Local high school students are in sync with their national peers, according to 2015 ACT College Readiness Data. Nationally, students got an average composite score of 21 on a scale of 1 to 36. Locally, the average score is exactly the same, weighing in at 21.

The ACT is an achievement test based on curriculum, gauging those skills taught in the classroom that are deemed necessary for first-year college success. Evaluated 2015 scores are from Veritas Academy, Trinity Christian School, Pleasant Grove High School, Texas High School, Arkansas High School, Fouke High School, Liverty-Eylau High School and Genoa Central High School. On average, the scores are almost a half-point higher than last year's average of 20.6.

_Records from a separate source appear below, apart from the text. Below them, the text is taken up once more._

text \<open>An instance of \<open>E|\<xi>|\<^sup>\<alpha> E|\<xi>| \<le> E|\<xi>|\<^sup>1\<^sup>+\<^sup>\<alpha>\<close>, with the two factors taken under different
  measures; it follows by integrating Young's inequality in both variables.\<close>
lemma integral_abs_powr_mult_integral_abs_le:
  assumes \<alpha>: "0 < \<alpha>" "\<alpha> \<le> 1" and M: "moment_bound (1 + \<alpha>) M" and \<mu>: "\<mu> \<in> \<Theta>" and \<nu>: "\<nu> \<in> \<Theta>"
  shows "integral\<^sup>L \<mu> (\<lambda>y. \<bar>y\<bar> powr \<alpha>) * integral\<^sup>L \<nu> (\<lambda>z. \<bar>z\<bar>) \<le> M"
proof -
  define P where "P = integral\<^sup>L \<mu> (\<lambda>y. \<bar>y\<bar> powr \<alpha>)"
  have mom: "integrable \<kappa> (\<lambda>y. \<bar>y\<bar> powr (1 + \<alpha>))" "integral\<^sup>L \<kappa> (\<lambda>y. \<bar>y\<bar> powr (1 + \<alpha>)) \<le> M"
    if "\<kappa> \<in> \<Theta>" for \<kappa> using M that by (auto simp: moment_bound_def)
  have young_z: "P * \<bar>z\<bar> \<le> \<alpha> / (1 + \<alpha>) * M + \<bar>z\<bar> powr (1 + \<alpha>) / (1 + \<alpha>)" for z
  proof -
    have "integral\<^sup>L \<mu> (\<lambda>y. \<bar>y\<bar> powr \<alpha> * \<bar>z\<bar>) \<le> integral\<^sup>L \<mu> (\<lambda>y. \<bar>z\<bar> powr (1 + \<alpha>) / (1 + \<alpha>))
         + \<alpha> / (1 + \<alpha>) * integral\<^sup>L \<mu> (\<lambda>y. \<bar>y\<bar> powr (1 + \<alpha>))"
      using Youngs_inequality_powr[of _ "\<bar>z\<bar>" \<alpha>] \<alpha> integrable_abs_powr[OF \<mu>, of \<alpha>]
      by (intro integral_le_integral_add_mult integrable_const_Theta[OF \<mu>] mom[OF \<mu>])
        (auto simp: algebra_simps)
    also have "\<dots> \<le> \<bar>z\<bar> powr (1 + \<alpha>) / (1 + \<alpha>) + \<alpha> / (1 + \<alpha>) * M"
      using mom[OF \<mu>] \<alpha> measure_space_Theta[OF \<mu>] by (simp add: mult_left_mono divide_right_mono)
    finally show ?thesis by (simp add: P_def algebra_simps)
  qed
  have "P * integral\<^sup>L \<nu> (\<lambda>z. \<bar>z\<bar>) \<le> integral\<^sup>L \<nu> (\<lambda>z. \<alpha> / (1 + \<alpha>) * M) + 1 / (1 + \<alpha>) * integral\<^sup>L \<nu> (\<lambda>z. \<bar>z\<bar> powr (1 + \<alpha>))"
    using young_z integrable_id_Theta[OF \<nu>]
    by (subst integral_mult_right_zero[symmetric],
        intro integral_le_integral_add_mult integrable_const_Theta[OF \<nu>] mom[OF \<nu>]) auto
  also have "\<dots> \<le> \<alpha> / (1 + \<alpha>) * M + 1 / (1 + \<alpha>) * M"
    using mom[OF \<nu>] \<alpha> measure_space_Theta[OF \<nu>] by (simp add: divide_right_mono)
  also have "\<dots> = (\<alpha> / (1 + \<alpha>) + 1 / (1 + \<alpha>)) * M" by (simp add: distrib_right)
  also have "\<alpha> / (1 + \<alpha>) + 1 / (1 + \<alpha>) = 1" using \<alpha> by (simp add: field_simps)
  finally show ?thesis by (simp add: P_def)
qed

This year, Veritas Academy scored the highest with 27.4. Trinity was four points behind the top score with 23.3. Pleasant Grove is third, with 21.5; Texas High is fourth locally, with 20.5. Arkansas High's composite score was 19.7, Fouke is ranked sixth with 19.5; Liberty-Eylau follows with 18.4; and Genoa falls at the bottom of the list, with 17.9.

The national report is based on 1.9 million students tested. Local numbers are based on 844 taking the test.

Veritas Academy The five students who took the exam at Veritas Academy scored a 27.4 average, nearly four points higher than last year’s 23.5. Overall, Veritas has consistently scored the highest of all area high schools. Headmaster Ben House said specific ACT prep classes aren’t offered to prepare students for the exam.

“I think it probably just comes out of a pretty rigorous curriculum. Our kids read a lot of classics. They all take higher math courses, lots of science. As a classical school, we certainly believe (that) though the ACT and SAT don’t focus on Latin, when it comes to what Latin does for the mind, that’s really a key for kids.”

He added that Veritas’ curriculum doesn’t focus on worksheets and technology, but rather logic, rhetoric and speech.

“They’re really looking at how language works,” House said. “From beginning to end, we have a heavy emphasis on reading classics, the big books, the Greek books, and discussing them. The goal of education is to teach children how to learn.”